> _What needs to be done_: Extract the lines that carry the string "open" from the listing.

> _Exercise materials_:

lemma orth_proj_approximately_onto:
  obtains M where "0 \<le> M"
    "\<And>s. s \<in> S \<Longrightarrow> \<exists>a\<in>A. norm a \<le> M * norm s \<and> norm (s - orth_proj S a) \<le> norm s / 2"
proof -
  obtain r N where "0 < r" and near:
    "\<And>x. norm x < r \<Longrightarrow> \<exists>a\<in>A. norm a \<le> N \<and> norm (orth_proj S x - orth_proj S a) < r / 4"
    using orth_proj_approximately_onto_ball by blast
  have "0 \<le> N"
  proof -
    have "\<exists>a::'a. norm a \<le> N"
      using near[of 0] \<open>0 < r\<close> by auto
    then show ?thesis using norm_ge_zero order_trans by blast
  qed
  have "\<exists>a\<in>A. norm a \<le> 2 * N / r * norm s \<and> norm (s - orth_proj S a) \<le> norm s / 2"
    if "s \<in> S" "s \<noteq> 0" for s
  proof -
    define c where "c = 2 * norm s / r"
    have "c > 0" using that \<open>0 < r\<close> by (simp add: c_def)
    have "norm (inverse c *\<^sub>R s) < r"
      using that \<open>0 < r\<close> by (simp add: c_def)
    then obtain a where a: "a \<in> A" "norm a \<le> N" "norm (orth_proj S (inverse c *\<^sub>R s) - orth_proj S a) < r / 4"
      using near by blast
    have "orth_proj S (inverse c *\<^sub>R s) = inverse c *\<^sub>R s"
      using that S(1) by (simp add: orth_proj_id[OF S] subspace_scale)
    then have "s - orth_proj S (c *\<^sub>R a) = c *\<^sub>R (orth_proj S (inverse c *\<^sub>R s) - orth_proj S a)"
      using \<open>c > 0\<close> bounded_linear.linear[OF bounded_linear_orth_proj[OF S]]
      by (simp add: linear_scale algebra_simps)
    then have "norm (s - orth_proj S (c *\<^sub>R a)) \<le> c * (r / 4)"
      using a(3) \<open>c > 0\<close> by simp
    also have "\<dots> = norm s / 2"
      using \<open>0 < r\<close> by (simp add: c_def)
    finally have "norm (s - orth_proj S (c *\<^sub>R a)) \<le> norm s / 2" .
    moreover have "norm (c *\<^sub>R a) \<le> 2 * N / r * norm s"
      using \<open>0 < r\<close> mult_left_mono[OF a(2), of c] \<open>c > 0\<close> by (simp add: c_def ac_simps)
    moreover have "c *\<^sub>R a \<in> A"
      using a(1) A(1) by (simp add: subspace_scale)
    ultimately show ?thesis by blast
  qed
  moreover have "\<exists>a\<in>A. norm a \<le> 2 * N / r * norm s \<and> norm (s - orth_proj S a) \<le> norm s / 2"
    if "s = 0" for s
    using that subspace_0[OF A(1)] orth_proj_eq_0[OF S subspace_0[OF subspace_orthogonal_comp]]
    by (intro bexI[of _ 0]) auto
  moreover have "0 \<le> 2 * N / r"
    using \<open>0 \<le> N\<close> \<open>0 < r\<close> by simp
  ultimately show ?thesis
    using that by blast
qed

> _Answer for the task_:
      using near[of 0] \<open>0 < r\<close> by auto
    have "c > 0" using that \<open>0 < r\<close> by (simp add: c_def)
      using that \<open>0 < r\<close> by (simp add: c_def)
      using \<open>c > 0\<close> bounded_linear.linear[OF bounded_linear_orth_proj[OF S]]
      using a(3) \<open>c > 0\<close> by simp
      using \<open>0 < r\<close> by (simp add: c_def)
      using \<open>0 < r\<close> mult_left_mono[OF a(2), of c] \<open>c > 0\<close> by (simp add: c_def ac_simps)
    using \<open>0 \<le> N\<close> \<open>0 < r\<close> by simp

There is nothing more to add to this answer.